If he just walked away now then maybe Vaatu wouldn't be able to get someone to free him for long enough that Takaro could warn the White Lotus. They would be able to prepare for it. But where did that leave him? Alone again to carry on with his quest for vengeance against a crazy bloodbender? Would the White Lotus even allow him to continue with that mission? He probably wouldn't be able to tell this story without including that detail.

Would anyone even believe him if he did tell the whole truth?

He swallowed and looked up at the tree again, still without any response formed. As if sensing the teenager's inner turmoil, Vaatu spoke for him.

"You do not trust me. That is both obvious and understandable, wise even. You would do well to assign this decision the importance it deserves and act with your best interests in mind. But, if you are not yet capable of such insight, perhaps you should defer to the judgement of another."

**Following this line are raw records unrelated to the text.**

(* Let $i\in\mathbb{N}_0$ and let $\alpha,\beta,\epsilon\in\mathbb{C}$. Then $$F^{1:1;2}_{1:0;1}\left[\begin{matrix}\alpha: & \epsilon\,; & \beta-\epsilon,\ 1+\alpha-2\beta+\epsilon+i\,;\\ \beta: & -\,; & 1+\alpha-\beta+\epsilon+i\,;\end{matrix}\ \tfrac12,\ \tfrac12\right] =\frac{2^{i+\alpha-2\beta+2\epsilon}\,\Gamma(\beta-\epsilon-i)\,\Gamma(1+\alpha-\beta+\epsilon+i)}{\Gamma(\beta-\epsilon)\,\Gamma(1+\alpha-2\beta+2\epsilon+i)}\sum_{r=0}^{i}(-1)^r\binom{i}{r}\frac{\Gamma\!\left(\epsilon-\beta+\frac{1+\alpha+i+r}{2}\right)}{\Gamma\!\left(\frac{1+\alpha-i+r}{2}\right)}$$ and $$F^{1:1;2}_{1:0;1}\left[\begin{matrix}\alpha: & \epsilon\,; & \beta-\epsilon,\ 1+\alpha-2\beta+\epsilon-i\,;\\ \beta: & -\,; & 1+\alpha-\beta+\epsilon-i\,;\end{matrix}\ \tfrac12,\ \tfrac12\right] =\frac{2^{-i+\alpha-2\beta+2\epsilon}\,\Gamma(1+\alpha-\beta+\epsilon-i)}{\Gamma(1+\alpha-2\beta+2\epsilon-i)}\sum_{r=0}^{i}\binom{i}{r}\frac{\Gamma\!\left(\epsilon-\beta+\frac{1+\alpha-i+r}{2}\right)}{\Gamma\!\left(\frac{1+\alpha-i+r}{2}\right)}.$$
   Context: For $\lambda\in\mathbb{C}$ and $n\in\mathbb{N}_0$, $(\lambda)_0=1$ and $(\lambda)_n=\lambda(\lambda+1)\cdots(\lambda+n-1)$; $\Gamma$ is Euler's Gamma function and $\binom{i}{r}$ the binomial coefficient. The (generalized) Kampé de Fériet function is defined by $$F^{H:A;B}_{G:C;D}\left[\begin{matrix}(h_H): & (a_A)\,; & (b_B)\,;\\ (g_G): & (c_C)\,; & (d_D)\,;\end{matrix}\ x,\ y\right]=\sum_{m=0}^\infty\sum_{n=0}^\infty\frac{\prod_{j=1}^H(h_j)_{m+n}\prod_{j=1}^A(a_j)_m\prod_{j=1}^B(b_j)_n}{\prod_{j=1}^G(g_j)_{m+n}\prod_{j=1}^C(c_j)_m\prod_{j=1}^D(d_j)_n}\frac{x^m}{m!}\frac{y^n}{n!},$$ where a dash "$-$" denotes an empty list of parameters (empty products equal $1$). Parameters are tacitly assumed to be such that the double series converges, no denominator parameter is a non-positive integer, and all Gamma values appearing are finite. *)

theory Defs
  imports "HOL-Analysis.Analysis"
begin
(* Let $k\in\mathbb{Z}$ and $\imath\in\mathbb{Z}_{>1}$. The rational polygon $\mathrm{conv}((0,0),(k,\imath),(k+2/5,\imath))$ is canonical if and only if the rational polygon $\mathrm{conv}((0,0),(k,\imath),(k+1/3,\imath))$ is canonical.
   Context: For rationals $a<b$ and $\imath\in\mathbb{Z}_{>1}$, the polygon $\mathrm{conv}((0,0),(a,\imath),(b,\imath))$ is called canonical if every lattice point $p\neq(0,0)$ in it satisfies $p_2=\imath$. *)

theory Defs
  imports "HOL-Analysis.Analysis"
begin

definition lattice_point :: "real \<times> real \<Rightarrow> bool" where
  "lattice_point p \<longleftrightarrow> fst p \<in> \<int> \<and> snd p \<in> \<int>"

text \<open>For rationals a < b and an integer i > 1, conv((0,0),(a,i),(b,i)) is canonical
  iff every lattice point p \<noteq> (0,0) in it satisfies p_2 = i.\<close>
definition canonical :: "rat \<Rightarrow> rat \<Rightarrow> int \<Rightarrow> bool" where
  "canonical a b i \<longleftrightarrow>
     (\<forall>p \<in> convex hull {(0,0), (of_rat a, of_int i), (of_rat b, of_int i)}.
        lattice_point p \<and> p \<noteq> (0,0) \<longrightarrow> snd p = of_int i)"

end

theory Submission
  imports Defs
begin

text \<open>A lattice point (m, j) of the triangle with 0 < j < i lies on the segment at height j,
  which runs from k j / i to (k + w) j / i. So canonicity only asks whether, for some such j,
  the residue m i - k j can be placed in [0, w j]. For w = 1/3 versus w = 2/5 the extra room
  is useless: in the coprime case let t be the inverse of -k modulo i. If t \<ge> 3, the point at
  height t already has residue 1 \<le> t / 3; if t \<in> {1, 2}, any residue r \<le> 2 j / 5 at height j
  would make j - t r a multiple of i strictly between 0 and i. If gcd(k, i) > 1, the left edge
  itself contains a lattice point below the top.\<close>

lemma mem_convex_hull_apex_triangle:
  fixes a w h x y :: real
  assumes w: "w > 0" and h: "h > 0"
  shows "(x, y) \<in> convex hull {(0, 0), (a, h), (a + w, h)} \<longleftrightarrow>
         0 \<le> y \<and> y \<le> h \<and> a * y \<le> x * h \<and> x * h \<le> (a + w) * y"
proof
  assume "(x, y) \<in> convex hull {(0, 0), (a, h), (a + w, h)}"
  then obtain s v u where suv: "0 \<le> s" "0 \<le> v" "0 \<le> u" "s + v + u = 1"
    and xy: "(x, y) = s *\<^sub>R (0, 0) + v *\<^sub>R (a, h) + u *\<^sub>R (a + w, h)"
    unfolding convex_hull_3 by blast
  have x: "x = (v + u) * a + u * w" and y: "y = (v + u) * h"
    using xy by (auto simp: algebra_simps)
  have "x * h - a * y = u * w * h" "(a + w) * y - x * h = v * w * h"
    unfolding x y by (simp_all add: algebra_simps)
  moreover have "y \<le> h"
    unfolding y using suv h by (simp add: mult_left_le_one_le)
  moreover have "0 \<le> u * w * h" "0 \<le> v * w * h" "0 \<le> y"
    unfolding y using suv w h by simp_all
  ultimately show "0 \<le> y \<and> y \<le> h \<and> a * y \<le> x * h \<and> x * h \<le> (a + w) * y"
    by linarith
next
  assume "0 \<le> y \<and> y \<le> h \<and> a * y \<le> x * h \<and> x * h \<le> (a + w) * y"
  then have y: "0 \<le> y" "y \<le> h" and lo: "0 \<le> x * h - a * y" and hi: "x * h - a * y \<le> w * y"
    by (simp_all add: algebra_simps)
  define u where "u = (x * h - a * y) / (w * h)"
  define v where "v = y / h - u"
  have "0 \<le> u" unfolding u_def using lo w h by simp
  moreover have "0 \<le> v"
    using hi w h unfolding v_def u_def by (simp add: field_simps mult.commute)
  moreover have "u + v \<le> 1" unfolding v_def using y h by simp
  moreover have "(x, y) = (1 - u - v) *\<^sub>R (0, 0) + v *\<^sub>R (a, h) + u *\<^sub>R (a + w, h)"
    using w h unfolding v_def u_def by (simp add: field_simps)
  ultimately show "(x, y) \<in> convex hull {(0, 0), (a, h), (a + w, h)}"
    unfolding convex_hull_3 by (intro CollectI exI[of _ "1 - u - v"] exI[of _ v] exI[of _ u]) auto
qed

definition lattice_point_below_top :: "int \<Rightarrow> int \<Rightarrow> real \<Rightarrow> bool" where
  "lattice_point_below_top k i w \<longleftrightarrow>
     (\<exists>m j. 0 < j \<and> j < i \<and> 0 \<le> m * i - k * j \<and> of_int (m * i - k * j) \<le> w * j)"

lemma canonical_iff_no_lattice_point_below_top:
  fixes k i :: int and a b :: rat and w :: real
  assumes i: "i > 1" and w: "w > 0"
    and a: "(of_rat a :: real) = of_int k" and b: "of_rat b = of_int k + w"
  shows "canonical a b i \<longleftrightarrow> \<not> lattice_point_below_top k i w"
proof -
  define T :: "(real \<times> real) set" where "T = convex hull {(0, 0), (of_rat a, of_int i), (of_rat b, of_int i)}"
  have ip: "real_of_int i > 0" using i by simp
  have mem: "(of_int m, of_int j) \<in> T
      \<longleftrightarrow> 0 \<le> j \<and> j \<le> i \<and> 0 \<le> m * i - k * j \<and> of_int (m * i - k * j) \<le> w * j" for m j
    unfolding T_def a b mem_convex_hull_apex_triangle[OF w ip]
    by (auto simp: algebra_simps simp flip: of_int_mult of_int_diff of_int_le_iff)
  have off_apex: "(m, j) \<noteq> (0, 0) \<longleftrightarrow> 0 < j" if "(of_int m, of_int j) \<in> T" for m j
  proof -
    have "m = 0" if "j = 0" using \<open>(of_int m, of_int j) \<in> T\<close> that i unfolding mem
      by (simp flip: of_int_mult add: zero_le_mult_iff mult_le_0_iff)
    then show ?thesis using \<open>(of_int m, of_int j) \<in> T\<close> unfolding mem by (cases "j = 0") auto
  qed
  have "canonical a b i \<longleftrightarrow> (\<forall>m j. (of_int m, of_int j) \<in> T \<and> (m, j) \<noteq> (0, 0) \<longrightarrow> j = i)"
    unfolding canonical_def lattice_point_def T_def[symmetric]
  proof (intro iffI allI impI ballI)
    fix m j
    assume "\<forall>p \<in> T. (fst p \<in> \<int> \<and> snd p \<in> \<int>) \<and> p \<noteq> (0, 0) \<longrightarrow> snd p = of_int i"
      and "(of_int m, of_int j) \<in> T \<and> (m, j) \<noteq> (0, 0)"
    then show "j = i" by (auto dest!: bspec[of _ _ "(of_int m, of_int j)"])
  next
    fix p
    assume "\<forall>m j. (of_int m, of_int j) \<in> T \<and> (m, j) \<noteq> (0, 0) \<longrightarrow> j = i"
      and "p \<in> T" and "(fst p \<in> \<int> \<and> snd p \<in> \<int>) \<and> p \<noteq> (0, 0)"
    moreover obtain m j where "p = (of_int m, of_int j)"
      using \<open>(fst p \<in> \<int> \<and> snd p \<in> \<int>) \<and> p \<noteq> (0, 0)\<close> by (metis Ints_cases prod.collapse)
    ultimately show "snd p = of_int i" by auto
  qed
  also have "\<dots> \<longleftrightarrow> (\<forall>m j. (of_int m, of_int j) \<in> T \<and> 0 < j \<longrightarrow> j = i)"
    using off_apex by blast
  also have "\<dots> \<longleftrightarrow> \<not> lattice_point_below_top k i w"
    unfolding mem lattice_point_below_top_def by (blast dest: order.strict_implies_order intro: le_neq_trans)
  finally show ?thesis .
qed

lemma lattice_point_below_top_mono:
  "lattice_point_below_top k i v \<Longrightarrow> v \<le> w \<Longrightarrow> lattice_point_below_top k i w"
  unfolding lattice_point_below_top_def
  by (meson mult_right_mono of_int_0_le_iff order.strict_implies_order order_trans)

lemma lattice_point_below_top_if_not_coprime:
  fixes k i :: int
  assumes i: "i > 1" and w: "w \<ge> 0" and "\<not> coprime k i"
  shows "lattice_point_below_top k i w"
proof -
  define g where "g = gcd k i"
  have "g \<noteq> 1" "g > 0" using assms unfolding g_def by (auto simp: coprime_iff_gcd_eq_1)
  then have g: "g > 1" by linarith
  obtain c where i_eq: "i = g * c" unfolding g_def by (meson gcd_dvd2 dvdE)
  obtain d where k_eq: "k = g * d" unfolding g_def by (meson gcd_dvd1 dvdE)
  have "0 < c" using i g i_eq by (metis zero_less_mult_pos order.strict_trans zero_less_one)
  then have "c < i" using g i_eq by simp
  moreover have "d * i - k * c = 0" using i_eq k_eq by simp
  ultimately show ?thesis
    unfolding lattice_point_below_top_def using w \<open>0 < c\<close> by (intro exI[of _ d] exI[of _ c]) simp
qed

lemma residue_gap_not_multiple:
  fixes k i m j t :: int
  assumes "i dvd t * k + 1" and "0 < j - t * (m * i - k * j)" and "j - t * (m * i - k * j) < i"
  shows False
proof -
  obtain n where "t * k + 1 = i * n" using assms(1) by blast
  then have "j - t * (m * i - k * j) = i * (n * j - t * m)" by algebra
  then show False using assms(2,3) by (metis dvd_triv_left zdvd_imp_le not_le)
qed

lemma coprime_ex_neg_inverse_mod:
  fixes k i :: int
  assumes "coprime k i" and "i > 0"
  shows "\<exists>t. 0 \<le> t \<and> t < i \<and> i dvd t * k + 1"
proof -
  obtain u v where uv: "u * k + v * i = 1" using bezout_int[of k i] assms(1) by auto
  have "(- u) mod i * k + 1 = i * (v - k * (- u div i))"
    using uv unfolding minus_div_mult_eq_mod[symmetric] by algebra
  then show ?thesis using assms(2) by (intro exI[of _ "(- u) mod i"]) (auto intro: dvdI)
qed

lemma lattice_point_below_top_two_fifths_imp_one_third:
  fixes k i :: int
  assumes i: "i > 1" and "lattice_point_below_top k i (2/5)"
  shows "lattice_point_below_top k i (1/3)"
proof (cases "coprime k i")
  case False
  then show ?thesis using lattice_point_below_top_if_not_coprime i by simp
next
  case True
  obtain m j where j: "0 < j" "j < i" and r: "0 \<le> m * i - k * j" "of_int (m * i - k * j) \<le> 2/5 * j"
    using assms(2) unfolding lattice_point_below_top_def by blast
  have "of_int (5 * (m * i - k * j)) \<le> (of_int (2 * j) :: real)" using r(2) by simp
  then have r5: "5 * (m * i - k * j) \<le> 2 * j" by (simp only: of_int_le_iff)
  obtain t where t: "0 \<le> t" "t < i" and inv: "i dvd t * k + 1"
    using coprime_ex_neg_inverse_mod[OF True] i by auto
  consider "t = 0" | "t = 1 \<or> t = 2" | "t \<ge> 3" using t by linarith
  then show ?thesis
  proof cases
    case 1
    then show ?thesis using inv i by simp
  next
    case 2
    then have "0 < j - t * (m * i - k * j) \<and> j - t * (m * i - k * j) < i"
      using j r(1) r5 by (elim disjE) simp_all
    then show ?thesis using residue_gap_not_multiple[OF inv] by blast
  next
    case 3
    obtain n where "t * k + 1 = i * n" using inv by blast
    then have "n * i - k * t = 1" by (simp add: algebra_simps)
    then show ?thesis
      unfolding lattice_point_below_top_def using 3 t by (intro exI[of _ n] exI[of _ t]) auto
  qed
qed

theorem mainTheorem12:
  fixes k i :: int
  assumes "i > 1"
  shows "canonical (of_int k) (of_int k + 2/5) i \<longleftrightarrow> canonical (of_int k) (of_int k + 1/3) i"
proof -
  have "canonical (of_int k) (of_int k + 2/5) i \<longleftrightarrow> \<not> lattice_point_below_top k i (2/5)"
    by (rule canonical_iff_no_lattice_point_below_top) (use assms in \<open>simp_all add: of_rat_add of_rat_divide\<close>)
  moreover have "canonical (of_int k) (of_int k + 1/3) i \<longleftrightarrow> \<not> lattice_point_below_top k i (1/3)"
    by (rule canonical_iff_no_lattice_point_below_top) (use assms in \<open>simp_all add: of_rat_add of_rat_divide\<close>)
  moreover have "lattice_point_below_top k i (2/5) \<longleftrightarrow> lattice_point_below_top k i (1/3)"
    using lattice_point_below_top_two_fifths_imp_one_third lattice_point_below_top_mono assms by force
  ultimately show ?thesis by simp
qed

end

Takaro raised his brow, then startled when he felt something brush against the side of his leg. He looked down and saw a familiar little creature standing next to him, wing slightly bristled.

"Would you stop doing that?" He cried at the cat. Her only response was an innocent meow.

The boy huffed, but couldn't stop a smile from creeping onto his face. It was strange how happy it made him to see her again, considering it had been less than an hour since she'd disappeared and he'd only known her for a day.

He knelt next to her, laying his sword down, and held out his hand to her. She nuzzled her head into his palm and purred lightly. The simple contact seemed to reinvigorate Takaro just a little bit. It made him realise how tired he was.

His body still ached from the full day's trek through the tundra, and his mind was starting to go fuzzy from the fatigue. He needed sleep and food. He wasn't in any sort of state to be making this kind of decision.

So, once again, he looked to the cat for guidance.

Her eyes were shining silver this time and held a boldness to them that showed an unshakeable resolve. With a tired smile and nod, Takaro picked his sword back up and stood.

She believed that he should do this. That would have to be enough.